Collection entries
(* Let $m=m(n)=O(n\log\log n)$ and let $G\sim G(n,m)$. Then, for all sufficiently large $n$, $$\Pr\big(\delta(G)\geq 2\big)\leq n\,e^{-2m e^{-2m/n}}.$$
   Context: $G(n,m)$ is the uniform random graph model: $G$ is chosen uniformly at random among all graphs on vertex set $[n]$ with exactly $m$ edges. $\delta(G)$ denotes the minimum degree of $G$. *)

theory Defs
  imports "HOL-Probability.Probability" "HOL-Library.Landau_Symbols"
begin

text \<open>Simple graphs on vertex set [n] = {0..<n}, represented by their edge sets
  (sets of 2-element subsets of {0..<n}).\<close>

definition all_edges :: "nat \<Rightarrow> nat set set" where
  "all_edges n = {e. \<exists>u v. u < n \<and> v < n \<and> u \<noteq> v \<and> e = {u, v}}"

definition Gnm_space :: "nat \<Rightarrow> nat \<Rightarrow> nat set set set" where
  "Gnm_space n m = {E. E \<subseteq> all_edges n \<and> card E = m}"

definition Gnm :: "nat \<Rightarrow> nat \<Rightarrow> nat set set pmf" where
  "Gnm n m = pmf_of_set (Gnm_space n m)"

definition degree :: "nat set set \<Rightarrow> nat \<Rightarrow> nat" where
  "degree E v = card {e \<in> E. v \<in> e}"

definition min_degree :: "nat \<Rightarrow> nat set set \<Rightarrow> nat" where
  "min_degree n E = Min (degree E ` {..<n})"

end

theory Submission
  imports Defs "HOL-Combinatorics.Multiset_Permutations" "HOL-Real_Asymp.Real_Asymp"
begin

(* Listing the m edges of a graph of minimum degree at least 2 in one of m! orders and orienting
   each of them in one of 2 ways turns the graph into a map from the 2m half-edges to [n] all of
   whose fibres have at least two elements, and different choices give different maps.  Such maps
   are counted by (2m)! [x^(2m)] (e^x - 1 - x)^n <= (2m)! (e^l - 1 - l)^n / l^(2m) for every l > 0,
   while there are binom(N, m) >= (N - m)^m / m! graphs in total.  With l = d = 2m/n and
   Stirling-type estimates the probability is at most e (2m+1) exp(d + d^2 - n (1+d) e^(-d)),
   which is n exp(-2m e^(-d)) times a factor that is at most 1 as soon as d <= (ln n)/2; this holds
   eventually because m = O(n ln ln n). *)

section \<open>Maps all of whose fibres have at least two elements\<close>

lemma sum_exp_series_from_2_le:
  fixes l :: real
  assumes "0 \<le> l"
  shows "(\<Sum>k=2..K. l ^ k / fact k) \<le> exp l - 1 - l"
proof -
  have "(\<Sum>k<K+2. l ^ k /\<^sub>R fact k) \<le> (\<Sum>k. l ^ k /\<^sub>R fact k)"
    by (rule sum_le_suminf[OF summable_exp_generic]) (use assms in auto)
  then have "(\<Sum>k<K+2. l ^ k / fact k) \<le> exp l"
    by (simp add: exp_def divide_inverse mult.commute)
  moreover have "(\<Sum>k<K+2. l ^ k / fact k)
                   = (\<Sum>k<2. l ^ k / fact k) + (\<Sum>k=2..<K+2. l ^ k / fact k)"
    unfolding lessThan_atLeast0 by (rule sum.atLeastLessThan_concat[symmetric]) auto
  moreover have "(\<Sum>k<2. l ^ k / fact k) = 1 + l"
    by (simp add: numeral_2_eq_2)
  moreover have "(\<Sum>k=2..K. l ^ k / fact k) \<le> (\<Sum>k=2..<K+2. l ^ k / fact k)"
    by (rule sum_mono2) (use assms in auto)
  ultimately show ?thesis
    by linarith
qed

definition fibre_ge2_maps :: "nat \<Rightarrow> 'a set \<Rightarrow> ('a \<Rightarrow> nat) set" where
  "fibre_ge2_maps n D = {f \<in> D \<rightarrow>\<^sub>E {..<n}. \<forall>v<n. 2 \<le> card {x \<in> D. f x = v}}"

lemma finite_fibre_ge2_maps: "finite D \<Longrightarrow> finite (fibre_ge2_maps n D)"
  unfolding fibre_ge2_maps_def
  by (rule finite_subset[of _ "D \<rightarrow>\<^sub>E {..<n}"]) (auto intro: finite_PiE)

lemma card_fibre_ge2_maps_Suc_le:
  assumes D: "finite D"
  shows "card (fibre_ge2_maps (Suc n) D)
           \<le> (\<Sum>A | A \<subseteq> D \<and> 2 \<le> card A. card (fibre_ge2_maps n (D - A)))"
proof -
  define S where "S = {A. A \<subseteq> D \<and> 2 \<le> card A}"
  define extend where "extend A t x = (if x \<in> A then n else t x)" for A and t :: "'a \<Rightarrow> nat" and x
  have finS: "finite S"
    unfolding S_def using D by auto
  have "fibre_ge2_maps (Suc n) D \<subseteq> (\<Union>A\<in>S. extend A ` fibre_ge2_maps n (D - A))"
  proof
    fix f assume f: "f \<in> fibre_ge2_maps (Suc n) D"
    define A where "A = {x \<in> D. f x = n}"
    have fD: "f \<in> D \<rightarrow>\<^sub>E {..<Suc n}"
      and fibres: "\<And>v. v < Suc n \<Longrightarrow> 2 \<le> card {x \<in> D. f x = v}"
      using f unfolding fibre_ge2_maps_def by auto
    have "restrict f (D - A) \<in> fibre_ge2_maps n (D - A)"
    proof -
      have "{x \<in> D - A. restrict f (D - A) x = v} = {x \<in> D. f x = v}" if "v < n" for v
        using that unfolding A_def by auto
      then show ?thesis
        using fD fibres unfolding fibre_ge2_maps_def A_def by (auto simp: PiE_def Pi_def less_Suc_eq)
    qed
    moreover have "f = extend A (restrict f (D - A))"
      using fD unfolding extend_def A_def by (auto simp: PiE_def extensional_def)
    moreover have "A \<in> S"
      unfolding S_def A_def using fibres[of n] by auto
    ultimately show "f \<in> (\<Union>A\<in>S. extend A ` fibre_ge2_maps n (D - A))"
      by blast
  qed
  then have "card (fibre_ge2_maps (Suc n) D) \<le> card (\<Union>A\<in>S. extend A ` fibre_ge2_maps n (D - A))"
    by (rule card_mono[rotated]) (use finS D in \<open>auto intro!: finite_fibre_ge2_maps\<close>)
  also have "\<dots> \<le> (\<Sum>A\<in>S. card (extend A ` fibre_ge2_maps n (D - A)))"
    by (rule card_UN_le[OF finS])
  also have "\<dots> \<le> (\<Sum>A\<in>S. card (fibre_ge2_maps n (D - A)))"
    by (intro sum_mono card_image_le) (use D in \<open>auto intro!: finite_fibre_ge2_maps\<close>)
  finally show ?thesis
    unfolding S_def .
qed

lemma sum_subsets_card_ge2_le:
  fixes l :: real
  assumes D: "finite D" and l: "0 \<le> l"
  shows "(\<Sum>A | A \<subseteq> D \<and> 2 \<le> card A. fact (card D - card A) * l ^ card A)
           \<le> fact (card D) * (exp l - 1 - l)"
proof -
  define S where "S = {A. A \<subseteq> D \<and> 2 \<le> card A}"
  have subsets_k: "{A \<in> S. card A = k} = {A. A \<subseteq> D \<and> card A = k}" if "2 \<le> k" for k
    unfolding S_def using that by auto
  have "(\<Sum>A\<in>S. fact (card D - card A) * l ^ card A)
      = (\<Sum>k=2..card D. \<Sum>A | A \<in> S \<and> card A = k. fact (card D - card A) * l ^ card A)"
    by (rule sum.group[symmetric]) (use D in \<open>auto simp: S_def intro: card_mono\<close>)
  also have "\<dots> = (\<Sum>k=2..card D. real (card D choose k) * fact (card D - k) * l ^ k)"
    by (intro sum.cong refl) (simp add: subsets_k n_subsets[OF D])
  also have "\<dots> = fact (card D) * (\<Sum>k=2..card D. l ^ k / fact k)"
    unfolding sum_distrib_left by (intro sum.cong refl) (simp add: binomial_fact field_simps)
  also have "\<dots> \<le> fact (card D) * (exp l - 1 - l)"
    by (rule mult_left_mono[OF sum_exp_series_from_2_le[OF l]]) simp
  finally show ?thesis
    unfolding S_def .
qed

Task requirements:
Your answer should be all lines from the data that contain "subseteq".

Solution to this problem:
  "Gnm_space n m = {E. E \<subseteq> all_edges n \<and> card E = m}"
           \<le> (\<Sum>A | A \<subseteq> D \<and> 2 \<le> card A. card (fibre_ge2_maps n (D - A)))"
  define S where "S = {A. A \<subseteq> D \<and> 2 \<le> card A}"
  have "fibre_ge2_maps (Suc n) D \<subseteq> (\<Union>A\<in>S. extend A ` fibre_ge2_maps n (D - A))"
  shows "(\<Sum>A | A \<subseteq> D \<and> 2 \<le> card A. fact (card D - card A) * l ^ card A)
  define S where "S = {A. A \<subseteq> D \<and> 2 \<le> card A}"
  have subsets_k: "{A \<in> S. card A = k} = {A. A \<subseteq> D \<and> card A = k}" if "2 \<le> k" for k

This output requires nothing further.